### Prompt
For each line of the data below, copy it if it holds the word "definition".

[Dataset entries]
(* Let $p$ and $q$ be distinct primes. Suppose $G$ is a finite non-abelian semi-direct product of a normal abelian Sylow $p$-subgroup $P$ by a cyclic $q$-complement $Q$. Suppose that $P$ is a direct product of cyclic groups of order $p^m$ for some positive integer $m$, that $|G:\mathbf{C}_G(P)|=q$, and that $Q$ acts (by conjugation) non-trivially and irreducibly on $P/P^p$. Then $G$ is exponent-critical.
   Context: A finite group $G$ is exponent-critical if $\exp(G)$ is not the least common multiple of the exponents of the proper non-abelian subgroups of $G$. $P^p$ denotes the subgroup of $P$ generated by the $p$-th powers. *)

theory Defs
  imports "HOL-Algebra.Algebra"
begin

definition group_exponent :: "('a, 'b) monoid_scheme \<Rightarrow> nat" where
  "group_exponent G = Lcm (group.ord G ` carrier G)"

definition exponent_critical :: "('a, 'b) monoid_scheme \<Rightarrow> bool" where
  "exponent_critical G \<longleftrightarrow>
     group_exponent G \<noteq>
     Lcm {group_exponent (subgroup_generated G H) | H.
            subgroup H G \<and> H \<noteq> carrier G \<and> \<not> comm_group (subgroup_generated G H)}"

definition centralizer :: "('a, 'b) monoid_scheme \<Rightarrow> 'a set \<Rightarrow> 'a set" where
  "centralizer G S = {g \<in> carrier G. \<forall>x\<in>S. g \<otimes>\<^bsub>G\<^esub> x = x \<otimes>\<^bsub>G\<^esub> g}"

---

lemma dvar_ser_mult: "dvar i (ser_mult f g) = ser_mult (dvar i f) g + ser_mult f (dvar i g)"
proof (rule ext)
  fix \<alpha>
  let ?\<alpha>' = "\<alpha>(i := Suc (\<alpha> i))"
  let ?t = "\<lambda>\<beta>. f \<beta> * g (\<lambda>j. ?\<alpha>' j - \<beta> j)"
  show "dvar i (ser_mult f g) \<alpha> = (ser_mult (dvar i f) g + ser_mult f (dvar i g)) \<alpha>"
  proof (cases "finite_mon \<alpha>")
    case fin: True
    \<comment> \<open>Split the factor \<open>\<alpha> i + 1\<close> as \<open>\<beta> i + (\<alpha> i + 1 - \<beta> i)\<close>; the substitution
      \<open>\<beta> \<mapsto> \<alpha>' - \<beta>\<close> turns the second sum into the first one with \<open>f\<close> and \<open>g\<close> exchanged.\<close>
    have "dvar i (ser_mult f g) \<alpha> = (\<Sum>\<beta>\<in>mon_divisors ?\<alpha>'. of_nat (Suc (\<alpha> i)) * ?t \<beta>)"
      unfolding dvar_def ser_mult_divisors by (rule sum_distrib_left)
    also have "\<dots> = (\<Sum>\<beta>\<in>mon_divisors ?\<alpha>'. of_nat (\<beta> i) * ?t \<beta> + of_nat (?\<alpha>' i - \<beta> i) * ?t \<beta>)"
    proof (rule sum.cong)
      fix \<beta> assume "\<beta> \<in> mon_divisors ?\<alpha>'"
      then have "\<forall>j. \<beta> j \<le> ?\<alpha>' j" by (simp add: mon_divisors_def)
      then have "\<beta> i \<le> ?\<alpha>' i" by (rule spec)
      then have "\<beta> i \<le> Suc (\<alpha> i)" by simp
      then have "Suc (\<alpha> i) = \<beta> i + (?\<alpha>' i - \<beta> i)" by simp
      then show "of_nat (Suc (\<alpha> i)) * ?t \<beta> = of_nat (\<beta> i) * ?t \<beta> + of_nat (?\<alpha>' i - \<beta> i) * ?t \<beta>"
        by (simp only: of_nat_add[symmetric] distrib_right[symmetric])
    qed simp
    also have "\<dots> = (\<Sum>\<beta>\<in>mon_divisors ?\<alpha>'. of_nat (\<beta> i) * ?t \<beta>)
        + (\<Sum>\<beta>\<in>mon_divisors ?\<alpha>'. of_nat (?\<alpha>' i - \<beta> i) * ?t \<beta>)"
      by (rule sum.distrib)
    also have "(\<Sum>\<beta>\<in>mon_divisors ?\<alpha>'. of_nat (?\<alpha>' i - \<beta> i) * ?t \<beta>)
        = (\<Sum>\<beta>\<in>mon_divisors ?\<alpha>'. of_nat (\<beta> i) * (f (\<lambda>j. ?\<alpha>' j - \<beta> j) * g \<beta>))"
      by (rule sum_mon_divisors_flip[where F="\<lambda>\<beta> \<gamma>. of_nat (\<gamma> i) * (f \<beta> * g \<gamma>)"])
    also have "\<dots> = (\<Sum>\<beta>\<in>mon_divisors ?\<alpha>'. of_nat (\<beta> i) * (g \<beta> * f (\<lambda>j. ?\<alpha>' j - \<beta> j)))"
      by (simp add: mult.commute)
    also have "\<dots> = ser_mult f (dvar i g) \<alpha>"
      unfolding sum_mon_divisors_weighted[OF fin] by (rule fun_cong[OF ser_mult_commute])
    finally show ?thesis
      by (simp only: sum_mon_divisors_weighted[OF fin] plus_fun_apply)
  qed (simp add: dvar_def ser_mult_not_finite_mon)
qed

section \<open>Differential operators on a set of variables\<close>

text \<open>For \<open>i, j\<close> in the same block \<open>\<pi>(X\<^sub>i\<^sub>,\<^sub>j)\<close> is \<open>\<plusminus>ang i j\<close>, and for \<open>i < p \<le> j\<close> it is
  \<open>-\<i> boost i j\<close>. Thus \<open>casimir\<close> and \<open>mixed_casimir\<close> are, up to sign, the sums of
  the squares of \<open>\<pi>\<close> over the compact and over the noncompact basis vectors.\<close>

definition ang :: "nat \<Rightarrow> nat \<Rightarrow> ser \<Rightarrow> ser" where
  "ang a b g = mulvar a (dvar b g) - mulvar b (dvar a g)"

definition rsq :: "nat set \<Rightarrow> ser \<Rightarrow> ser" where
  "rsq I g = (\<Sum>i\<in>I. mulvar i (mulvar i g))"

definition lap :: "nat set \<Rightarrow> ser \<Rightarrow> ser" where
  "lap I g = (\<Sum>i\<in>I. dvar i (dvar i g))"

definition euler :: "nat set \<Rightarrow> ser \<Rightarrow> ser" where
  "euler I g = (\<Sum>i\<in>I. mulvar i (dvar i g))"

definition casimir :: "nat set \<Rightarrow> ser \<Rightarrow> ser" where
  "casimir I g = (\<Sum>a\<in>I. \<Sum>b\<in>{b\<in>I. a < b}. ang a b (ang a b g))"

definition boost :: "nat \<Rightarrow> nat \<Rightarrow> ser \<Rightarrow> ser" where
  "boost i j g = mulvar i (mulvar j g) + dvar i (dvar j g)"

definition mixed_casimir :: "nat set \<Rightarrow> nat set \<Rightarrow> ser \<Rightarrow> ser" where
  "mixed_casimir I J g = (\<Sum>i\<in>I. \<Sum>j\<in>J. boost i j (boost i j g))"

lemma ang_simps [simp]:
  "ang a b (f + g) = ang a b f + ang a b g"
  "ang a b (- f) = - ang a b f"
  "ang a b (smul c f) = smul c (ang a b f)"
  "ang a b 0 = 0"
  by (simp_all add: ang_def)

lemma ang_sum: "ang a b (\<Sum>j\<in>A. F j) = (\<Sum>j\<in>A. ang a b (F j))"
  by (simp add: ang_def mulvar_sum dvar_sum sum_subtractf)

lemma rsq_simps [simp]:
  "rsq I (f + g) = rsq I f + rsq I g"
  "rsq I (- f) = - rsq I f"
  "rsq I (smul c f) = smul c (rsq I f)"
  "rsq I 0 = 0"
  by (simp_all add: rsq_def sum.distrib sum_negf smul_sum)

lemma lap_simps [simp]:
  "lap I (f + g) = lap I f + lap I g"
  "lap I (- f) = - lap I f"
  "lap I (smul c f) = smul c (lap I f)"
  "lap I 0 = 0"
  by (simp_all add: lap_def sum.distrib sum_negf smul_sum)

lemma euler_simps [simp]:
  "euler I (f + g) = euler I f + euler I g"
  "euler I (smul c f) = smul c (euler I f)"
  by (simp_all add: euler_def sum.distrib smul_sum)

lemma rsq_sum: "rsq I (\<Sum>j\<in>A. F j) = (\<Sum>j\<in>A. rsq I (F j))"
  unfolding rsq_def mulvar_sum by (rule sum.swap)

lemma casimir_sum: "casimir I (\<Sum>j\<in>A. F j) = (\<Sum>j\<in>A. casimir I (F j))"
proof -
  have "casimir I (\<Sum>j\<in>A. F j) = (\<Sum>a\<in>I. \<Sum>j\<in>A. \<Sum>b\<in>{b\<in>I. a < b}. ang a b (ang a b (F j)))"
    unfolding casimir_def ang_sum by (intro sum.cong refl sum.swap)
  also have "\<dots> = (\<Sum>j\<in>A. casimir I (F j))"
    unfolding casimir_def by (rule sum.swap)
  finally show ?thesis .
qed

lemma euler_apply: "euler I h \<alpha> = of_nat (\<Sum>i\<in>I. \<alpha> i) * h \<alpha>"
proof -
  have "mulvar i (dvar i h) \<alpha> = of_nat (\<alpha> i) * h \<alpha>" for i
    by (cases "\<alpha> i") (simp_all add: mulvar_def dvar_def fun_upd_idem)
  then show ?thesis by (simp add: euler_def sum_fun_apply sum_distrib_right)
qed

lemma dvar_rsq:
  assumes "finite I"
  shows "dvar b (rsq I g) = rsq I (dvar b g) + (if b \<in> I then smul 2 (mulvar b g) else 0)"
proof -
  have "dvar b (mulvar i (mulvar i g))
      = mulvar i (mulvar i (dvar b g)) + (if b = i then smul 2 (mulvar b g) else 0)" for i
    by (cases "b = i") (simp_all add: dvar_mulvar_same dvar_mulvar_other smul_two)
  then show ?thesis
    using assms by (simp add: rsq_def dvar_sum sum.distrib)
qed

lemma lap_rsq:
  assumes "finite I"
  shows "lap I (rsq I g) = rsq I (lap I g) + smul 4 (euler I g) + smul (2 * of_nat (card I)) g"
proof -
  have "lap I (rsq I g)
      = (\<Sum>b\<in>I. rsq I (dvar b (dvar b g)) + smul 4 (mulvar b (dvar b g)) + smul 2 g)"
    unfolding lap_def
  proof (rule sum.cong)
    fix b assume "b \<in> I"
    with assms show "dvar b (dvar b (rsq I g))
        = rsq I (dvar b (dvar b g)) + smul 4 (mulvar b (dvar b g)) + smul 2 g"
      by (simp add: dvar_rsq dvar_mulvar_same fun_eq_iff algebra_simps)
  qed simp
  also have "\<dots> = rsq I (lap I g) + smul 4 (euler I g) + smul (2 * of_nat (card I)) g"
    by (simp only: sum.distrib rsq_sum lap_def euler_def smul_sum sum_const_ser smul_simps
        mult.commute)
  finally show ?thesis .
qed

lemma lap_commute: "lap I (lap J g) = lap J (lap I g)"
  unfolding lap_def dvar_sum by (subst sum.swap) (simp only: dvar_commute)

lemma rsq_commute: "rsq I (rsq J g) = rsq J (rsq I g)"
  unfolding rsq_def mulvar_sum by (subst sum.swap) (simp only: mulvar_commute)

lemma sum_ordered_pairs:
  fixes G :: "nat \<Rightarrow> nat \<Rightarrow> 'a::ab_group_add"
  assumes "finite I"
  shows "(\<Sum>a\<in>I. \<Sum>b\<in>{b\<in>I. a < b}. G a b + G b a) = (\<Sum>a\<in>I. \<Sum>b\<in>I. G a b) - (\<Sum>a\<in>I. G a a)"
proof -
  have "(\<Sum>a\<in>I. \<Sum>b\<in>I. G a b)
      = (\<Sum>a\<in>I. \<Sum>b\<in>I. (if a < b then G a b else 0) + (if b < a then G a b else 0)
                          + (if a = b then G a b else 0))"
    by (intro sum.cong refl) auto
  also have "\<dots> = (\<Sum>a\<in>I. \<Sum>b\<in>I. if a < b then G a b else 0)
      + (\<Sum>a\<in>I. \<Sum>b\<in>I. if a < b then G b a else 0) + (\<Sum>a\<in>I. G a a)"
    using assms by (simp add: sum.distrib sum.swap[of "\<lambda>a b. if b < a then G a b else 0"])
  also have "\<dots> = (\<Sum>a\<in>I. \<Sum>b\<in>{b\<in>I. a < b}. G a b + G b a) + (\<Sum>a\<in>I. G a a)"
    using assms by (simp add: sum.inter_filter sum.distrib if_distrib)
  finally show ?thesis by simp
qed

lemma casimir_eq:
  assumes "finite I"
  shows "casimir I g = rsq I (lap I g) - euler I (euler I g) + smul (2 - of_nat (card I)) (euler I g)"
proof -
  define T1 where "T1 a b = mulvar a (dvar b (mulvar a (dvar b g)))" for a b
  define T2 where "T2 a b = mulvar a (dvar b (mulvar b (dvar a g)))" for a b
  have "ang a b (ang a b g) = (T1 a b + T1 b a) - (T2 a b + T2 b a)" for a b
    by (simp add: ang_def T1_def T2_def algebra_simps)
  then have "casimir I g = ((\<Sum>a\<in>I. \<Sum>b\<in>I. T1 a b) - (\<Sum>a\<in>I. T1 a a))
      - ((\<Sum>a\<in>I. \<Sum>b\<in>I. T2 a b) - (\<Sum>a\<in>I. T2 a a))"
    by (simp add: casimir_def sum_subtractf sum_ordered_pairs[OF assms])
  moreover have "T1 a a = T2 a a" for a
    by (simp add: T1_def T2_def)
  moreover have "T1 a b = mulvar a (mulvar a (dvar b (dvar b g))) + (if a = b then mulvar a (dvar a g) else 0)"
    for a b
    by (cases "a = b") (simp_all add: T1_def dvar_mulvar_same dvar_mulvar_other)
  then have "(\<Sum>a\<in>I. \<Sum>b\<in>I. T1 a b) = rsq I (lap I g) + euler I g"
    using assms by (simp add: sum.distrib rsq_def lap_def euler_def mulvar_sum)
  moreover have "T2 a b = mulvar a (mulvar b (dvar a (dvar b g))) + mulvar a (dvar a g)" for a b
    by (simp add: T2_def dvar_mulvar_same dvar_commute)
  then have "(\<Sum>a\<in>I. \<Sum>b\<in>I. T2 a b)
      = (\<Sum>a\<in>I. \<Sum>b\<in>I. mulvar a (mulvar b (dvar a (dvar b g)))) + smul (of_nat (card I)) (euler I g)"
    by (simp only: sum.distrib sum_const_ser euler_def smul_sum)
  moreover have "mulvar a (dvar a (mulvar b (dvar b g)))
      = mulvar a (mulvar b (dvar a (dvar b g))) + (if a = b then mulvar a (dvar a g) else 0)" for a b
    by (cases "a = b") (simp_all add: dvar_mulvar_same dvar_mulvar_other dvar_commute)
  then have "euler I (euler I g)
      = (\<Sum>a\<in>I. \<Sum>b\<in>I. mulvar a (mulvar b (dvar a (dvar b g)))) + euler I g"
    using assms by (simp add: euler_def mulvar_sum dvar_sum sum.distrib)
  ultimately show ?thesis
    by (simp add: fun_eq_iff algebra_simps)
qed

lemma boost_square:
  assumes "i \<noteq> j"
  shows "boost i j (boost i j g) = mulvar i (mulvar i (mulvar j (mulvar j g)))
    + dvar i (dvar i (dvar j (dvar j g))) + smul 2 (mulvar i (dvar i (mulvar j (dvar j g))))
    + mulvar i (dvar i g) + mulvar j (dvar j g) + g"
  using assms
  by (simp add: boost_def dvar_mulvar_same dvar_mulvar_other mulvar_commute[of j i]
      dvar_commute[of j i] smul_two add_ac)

* * *

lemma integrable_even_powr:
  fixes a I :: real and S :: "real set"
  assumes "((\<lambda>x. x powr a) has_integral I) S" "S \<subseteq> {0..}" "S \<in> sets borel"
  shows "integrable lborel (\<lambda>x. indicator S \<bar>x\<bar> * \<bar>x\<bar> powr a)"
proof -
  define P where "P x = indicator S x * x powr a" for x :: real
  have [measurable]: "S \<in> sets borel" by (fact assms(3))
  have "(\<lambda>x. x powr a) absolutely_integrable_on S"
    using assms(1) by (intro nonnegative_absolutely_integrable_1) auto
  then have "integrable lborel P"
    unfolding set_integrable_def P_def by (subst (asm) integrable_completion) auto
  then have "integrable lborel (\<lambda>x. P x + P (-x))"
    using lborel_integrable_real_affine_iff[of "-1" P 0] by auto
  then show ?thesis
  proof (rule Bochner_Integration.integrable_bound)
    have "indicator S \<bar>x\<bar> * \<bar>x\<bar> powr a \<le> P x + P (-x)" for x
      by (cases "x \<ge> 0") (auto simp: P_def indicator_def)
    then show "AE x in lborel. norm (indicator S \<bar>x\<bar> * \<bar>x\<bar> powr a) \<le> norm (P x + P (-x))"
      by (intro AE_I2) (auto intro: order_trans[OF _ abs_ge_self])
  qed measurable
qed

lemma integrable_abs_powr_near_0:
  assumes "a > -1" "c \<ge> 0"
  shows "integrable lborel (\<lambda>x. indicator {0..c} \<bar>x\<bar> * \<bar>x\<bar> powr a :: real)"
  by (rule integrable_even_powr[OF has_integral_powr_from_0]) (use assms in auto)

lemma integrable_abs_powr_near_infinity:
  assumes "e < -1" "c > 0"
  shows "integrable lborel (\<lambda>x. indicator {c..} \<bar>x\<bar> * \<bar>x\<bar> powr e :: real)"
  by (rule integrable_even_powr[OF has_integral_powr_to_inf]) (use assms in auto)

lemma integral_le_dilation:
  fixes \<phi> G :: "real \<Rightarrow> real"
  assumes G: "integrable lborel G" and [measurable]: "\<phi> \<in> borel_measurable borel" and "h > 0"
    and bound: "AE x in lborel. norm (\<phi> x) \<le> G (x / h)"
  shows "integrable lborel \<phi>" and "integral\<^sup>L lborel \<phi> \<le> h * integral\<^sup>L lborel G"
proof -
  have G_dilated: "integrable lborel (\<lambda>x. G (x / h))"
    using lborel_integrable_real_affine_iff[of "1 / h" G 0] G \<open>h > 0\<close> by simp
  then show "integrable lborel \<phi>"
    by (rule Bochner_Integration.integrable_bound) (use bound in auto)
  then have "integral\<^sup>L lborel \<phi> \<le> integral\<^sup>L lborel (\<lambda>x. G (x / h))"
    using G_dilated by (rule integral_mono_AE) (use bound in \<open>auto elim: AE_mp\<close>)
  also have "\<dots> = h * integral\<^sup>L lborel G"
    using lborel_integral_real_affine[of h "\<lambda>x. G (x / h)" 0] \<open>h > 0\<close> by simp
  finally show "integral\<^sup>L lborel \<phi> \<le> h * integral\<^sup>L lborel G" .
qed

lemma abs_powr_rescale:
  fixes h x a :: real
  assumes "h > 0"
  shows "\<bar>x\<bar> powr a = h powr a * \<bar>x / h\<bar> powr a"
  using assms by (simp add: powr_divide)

### Result below
definition group_exponent :: "('a, 'b) monoid_scheme \<Rightarrow> nat" where
definition exponent_critical :: "('a, 'b) monoid_scheme \<Rightarrow> bool" where
definition centralizer :: "('a, 'b) monoid_scheme \<Rightarrow> 'a set \<Rightarrow> 'a set" where
definition ang :: "nat \<Rightarrow> nat \<Rightarrow> ser \<Rightarrow> ser" where
definition rsq :: "nat set \<Rightarrow> ser \<Rightarrow> ser" where
definition lap :: "nat set \<Rightarrow> ser \<Rightarrow> ser" where
definition euler :: "nat set \<Rightarrow> ser \<Rightarrow> ser" where
definition casimir :: "nat set \<Rightarrow> ser \<Rightarrow> ser" where
definition boost :: "nat \<Rightarrow> nat \<Rightarrow> ser \<Rightarrow> ser" where
definition mixed_casimir :: "nat set \<Rightarrow> nat set \<Rightarrow> ser \<Rightarrow> ser" where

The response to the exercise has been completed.